lemma lagrangian_lipschitz_near_xb:
  assumes e: "e > 0"
  obtains \<delta> where "\<delta> > 0" "\<And>x y. norm (x - xb) < \<delta> \<Longrightarrow> norm (y - xb) < \<delta> \<Longrightarrow>
    \<bar>lagrangian x - lagrangian y\<bar> \<le> e * norm (x - y)"
proof -
  have "isCont (grad f) xb"
    using lipschitz_on_continuous_within[OF grad_f_lipschitz xb_in_ball]
    by (simp add: continuous_within_open[OF xb_in_ball open_ball])
  moreover have "isCont (grad (\<phi> i)) xb" if "i \<in> Act \<union> Eq" for i
    using that Act_Eq_subset has_derivative_continuous[OF grad_phi_deriv] by blast
  ultimately have "isCont lagrangian_grad xb"
    unfolding lagrangian_grad_def[abs_def] by (intro continuous_intros) auto
  from continuous_at_eps_delta[THEN iffD1, OF this, rule_format, OF e]
  obtain \<delta> where \<delta>: "\<delta> > 0" "\<And>x. dist x xb < \<delta> \<Longrightarrow> dist (lagrangian_grad x) 0 < e"
    unfolding lagrangian_grad_xb by blast
  let ?B = "ball xb (min \<delta> r)"
  have "\<bar>lagrangian x - lagrangian y\<bar> \<le> e * norm (x - y)" if "x \<in> ?B" "y \<in> ?B" for x y
    by (rule inner_derivative_lipschitz[OF convex_ball _ _ that])
       (use \<delta> in \<open>auto intro!: lagrangian_deriv less_imp_le simp: dist_commute\<close>)
  then show ?thesis using \<delta> r_pos by (intro that[of "min \<delta> r"]) (auto simp: dist_norm norm_minus_commute)
qed

text \<open>With this correction the binding constraints vanish, and the other active ones are
  nonpositive, up to \<open>o(t\<^sup>2)\<close> along the arc below.\<close>

definition arc_correction :: 'a where
  "arc_correction = (SOME u. (\<forall>i\<in>Bind. grad (\<phi> i) xb \<bullet> u = - (D i w \<bullet> w) / 2)
                            \<and> (\<forall>i\<in>Act. grad (\<phi> i) xb \<bullet> u \<le> - (D i w \<bullet> w) / 2))"

lemma arc_correction:
  "i \<in> Bind \<Longrightarrow> grad (\<phi> i) xb \<bullet> arc_correction = - (D i w \<bullet> w) / 2"
  "i \<in> Act \<Longrightarrow> grad (\<phi> i) xb \<bullet> arc_correction \<le> - (D i w \<bullet> w) / 2"
  using someI_ex[OF unique_multiplier_linear_system[OF yb_unique, of "\<lambda>i. - (D i w \<bullet> w) / 2"]]
  unfolding arc_correction_def by auto

definition second_order_arc :: "real \<Rightarrow> 'a" where
  "second_order_arc t = xb + t *\<^sub>R (- w) + t\<^sup>2 *\<^sub>R arc_correction"

lemma arc_expansion:
  assumes i: "i \<in> Act \<union> Eq" and \<eta>: "\<eta> > 0"
  shows "eventually (\<lambda>t. \<bar>\<phi> i (second_order_arc t) - \<phi> i xb + t * (grad (\<phi> i) xb \<bullet> w)
      - t\<^sup>2 * (grad (\<phi> i) xb \<bullet> arc_correction + D i w \<bullet> w / 2)\<bar> \<le> \<eta> * t\<^sup>2) (at_right 0)"
proof -
  have i1: "i \<in> {1..m}" using i Act_Eq_subset by auto
  have "D i (- w) \<bullet> (- w) = D i w \<bullet> w"
    using has_derivative_linear[OF grad_phi_deriv[OF i1]] by (simp add: linear_neg)
  then show ?thesis
    using second_order_expansion_arc[OF r_pos phi_deriv[OF i1] grad_phi_deriv[OF i1] \<eta>,
        of "- w" arc_correction]
    unfolding second_order_arc_def by simp
qed

lemma arc_binding:
  assumes i: "i \<in> Bind" and \<eta>: "\<eta> > 0"
  shows "eventually (\<lambda>t. \<bar>\<phi> i (second_order_arc t)\<bar> \<le> \<eta> * t\<^sup>2) (at_right 0)"
proof -
  have "\<phi> i xb = 0" using i feasible_eq by (auto simp: active_set_def)
  then show ?thesis
    using arc_expansion[OF _ \<eta>, of i] i by (auto simp: w_binding arc_correction(1))
qed

lemma arc_active:
  assumes i: "i \<in> Act" and \<eta>: "\<eta> > 0"
  shows "eventually (\<lambda>t. \<phi> i (second_order_arc t) \<le> \<eta> * t\<^sup>2) (at_right 0)"
proof (rule eventually_mono[OF eventually_conj[OF arc_expansion[OF _ \<eta>] eventually_at_right_less]])
  show "i \<in> Act \<union> Eq" using i by simp
  fix t :: real
  assume h: "\<bar>\<phi> i (second_order_arc t) - \<phi> i xb + t * (grad (\<phi> i) xb \<bullet> w)
      - t\<^sup>2 * (grad (\<phi> i) xb \<bullet> arc_correction + D i w \<bullet> w / 2)\<bar> \<le> \<eta> * t\<^sup>2 \<and> 0 < t"
  have "t * (grad (\<phi> i) xb \<bullet> w) \<ge> 0" using h w_active[OF i] by simp
  moreover have "t\<^sup>2 * (grad (\<phi> i) xb \<bullet> arc_correction + D i w \<bullet> w / 2) \<le> 0"
    using arc_correction(2)[OF i] by (simp add: mult_nonneg_nonpos)
  moreover have "\<phi> i xb = 0" using i by (simp add: active_set_def)
  ultimately show "\<phi> i (second_order_arc t) \<le> \<eta> * t\<^sup>2" using h by (simp add: abs_le_iff)
qed

lemma arc_violation:
  assumes \<eta>: "\<eta> > 0"
  shows "eventually (\<lambda>t. violation (second_order_arc t) \<le> real m * (\<eta> * t\<^sup>2)) (at_right 0)"
proof (rule violation_eventually_le)
  show "(second_order_arc \<longlongrightarrow> xb) (at_right 0)" unfolding second_order_arc_def[abs_def] by (rule tendsto_arc)
  show "eventually (\<lambda>t. 0 \<le> \<eta> * t\<^sup>2) (at_right 0)" using \<eta> by simp
qed (use arc_active arc_binding \<eta> in auto)

lemma arc_multiplier_term:
  assumes \<eta>: "\<eta> > 0"
  shows "eventually (\<lambda>t. (\<Sum>i\<in>Act \<union> Eq. yb i * \<phi> i (second_order_arc t)) \<ge> - ((\<Sum>i\<in>Act \<union> Eq. \<bar>yb i\<bar>) * (\<eta> * t\<^sup>2)))
    (at_right 0)"
proof -
  have "eventually (\<lambda>t. \<bar>yb i * \<phi> i (second_order_arc t)\<bar> \<le> \<bar>yb i\<bar> * (\<eta> * t\<^sup>2)) (at_right 0)"
    if i: "i \<in> Act \<union> Eq" for i
  proof (cases "yb i = 0")
    case False
    show ?thesis using arc_binding[OF yb_nonzero_binding[OF i False] \<eta>]
      by (rule eventually_mono) (simp add: abs_mult mult_left_mono)
  qed simp
  then have "eventually (\<lambda>t. \<forall>i\<in>Act \<union> Eq. \<bar>yb i * \<phi> i (second_order_arc t)\<bar> \<le> \<bar>yb i\<bar> * (\<eta> * t\<^sup>2)) (at_right 0)"
    using finite_Act by (intro eventually_ball_finite) auto
  then show ?thesis
  proof (rule eventually_mono)
    fix t assume h: "\<forall>i\<in>Act \<union> Eq. \<bar>yb i * \<phi> i (second_order_arc t)\<bar> \<le> \<bar>yb i\<bar> * (\<eta> * t\<^sup>2)"
    have "(\<Sum>i\<in>Act \<union> Eq. - (\<bar>yb i\<bar> * (\<eta> * t\<^sup>2))) \<le> (\<Sum>i\<in>Act \<union> Eq. yb i * \<phi> i (second_order_arc t))"
      by (rule sum_mono) (metis h abs_le_D2 minus_le_iff)
    then show "(\<Sum>i\<in>Act \<union> Eq. yb i * \<phi> i (second_order_arc t)) \<ge> - ((\<Sum>i\<in>Act \<union> Eq. \<bar>yb i\<bar>) * (\<eta> * t\<^sup>2))"
      by (simp add: sum_negf sum_distrib_right)
  qed
qed

lemma lagrangian_arc_lower_bound:
  assumes \<eta>: "\<eta> > 0"
  shows "eventually (\<lambda>t. lagrangian (second_order_arc t) \<ge> f xb + \<sigma> / 2 * t\<^sup>2 * (norm w)\<^sup>2 - \<eta> * t\<^sup>2) (at_right 0)"
proof -
  obtain \<rho> C where \<rho>: "\<rho> > 0" and pen: "\<And>x. norm (x - xb) < \<rho> \<Longrightarrow>
      f x \<ge> f xb + \<sigma> / 2 * (norm (x - xb))\<^sup>2 - C * violation x"
    using exact_penalty by blast
  define Y where "Y = (\<Sum>i\<in>Act \<union> Eq. \<bar>yb i\<bar>)"
  define K where "K = 1 + \<bar>C\<bar> * real m + Y"
  have K: "K \<ge> 1" unfolding K_def Y_def by (simp add: sum_nonneg)
  define \<eta>1 where "\<eta>1 = \<eta> / K"
  have \<eta>1: "\<eta>1 > 0" "K * \<eta>1 = \<eta>" using \<eta> K by (auto simp: \<eta>1_def)
  have near: "eventually (\<lambda>t. norm (second_order_arc t - xb) < \<rho>) (at_right 0)"
    unfolding second_order_arc_def using tendsto_arc \<rho> by (rule eventually_at_right_0_norm_less)
  have quad: "eventually (\<lambda>t. \<sigma> / 2 * t\<^sup>2 * (norm w)\<^sup>2 - \<eta>1 * t\<^sup>2 \<le> \<sigma> / 2 * (norm (second_order_arc t - xb))\<^sup>2)
      (at_right 0)"
    using eventually_norm_arc_sq_ge[OF sigma_nonneg \<eta>1(1), of "- w" arc_correction]
    by (simp add: second_order_arc_def)
  show ?thesis
  proof (rule eventually_mono[OF eventually_conj[OF near eventually_conj[OF quad
          eventually_conj[OF arc_violation[OF \<eta>1(1)] arc_multiplier_term[OF \<eta>1(1)]]]]])
    fix t assume h: "norm (second_order_arc t - xb) < \<rho> \<and>
        \<sigma> / 2 * t\<^sup>2 * (norm w)\<^sup>2 - \<eta>1 * t\<^sup>2 \<le> \<sigma> / 2 * (norm (second_order_arc t - xb))\<^sup>2 \<and>
        violation (second_order_arc t) \<le> real m * (\<eta>1 * t\<^sup>2) \<and>
        - ((\<Sum>i\<in>Act \<union> Eq. \<bar>yb i\<bar>) * (\<eta>1 * t\<^sup>2)) \<le> (\<Sum>i\<in>Act \<union> Eq. yb i * \<phi> i (second_order_arc t))"
    have "C * violation (second_order_arc t) \<le> \<bar>C\<bar> * violation (second_order_arc t)"
      using violation_nonneg by (intro mult_right_mono) auto
    also have "\<dots> \<le> \<bar>C\<bar> * (real m * (\<eta>1 * t\<^sup>2))" using h by (intro mult_left_mono) auto
    finally have "C * violation (second_order_arc t) \<le> \<bar>C\<bar> * (real m * (\<eta>1 * t\<^sup>2))" .
    moreover have "\<eta> * t\<^sup>2 = \<eta>1 * t\<^sup>2 + \<bar>C\<bar> * (real m * (\<eta>1 * t\<^sup>2)) + Y * (\<eta>1 * t\<^sup>2)"
      unfolding \<eta>1(2)[symmetric] K_def by (simp add: algebra_simps)
    ultimately show "lagrangian (second_order_arc t) \<ge> f xb + \<sigma> / 2 * t\<^sup>2 * (norm w)\<^sup>2 - \<eta> * t\<^sup>2"
      using pen[of "second_order_arc t"] h unfolding lagrangian_def Y_def by linarith
  qed
qed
+---+
• EXERCISE REQUIREMENTS
Copy out every line of the listing where the word "intro" occurs.

• EXERCISE SOLUTION
    unfolding lagrangian_grad_def[abs_def] by (intro continuous_intros) auto
       (use \<delta> in \<open>auto intro!: lagrangian_deriv less_imp_le simp: dist_commute\<close>)
  then show ?thesis using \<delta> r_pos by (intro that[of "min \<delta> r"]) (auto simp: dist_norm norm_minus_commute)
    using finite_Act by (intro eventually_ball_finite) auto
      using violation_nonneg by (intro mult_right_mono) auto
    also have "\<dots> \<le> \<bar>C\<bar> * (real m * (\<eta>1 * t\<^sup>2))" using h by (intro mult_left_mono) auto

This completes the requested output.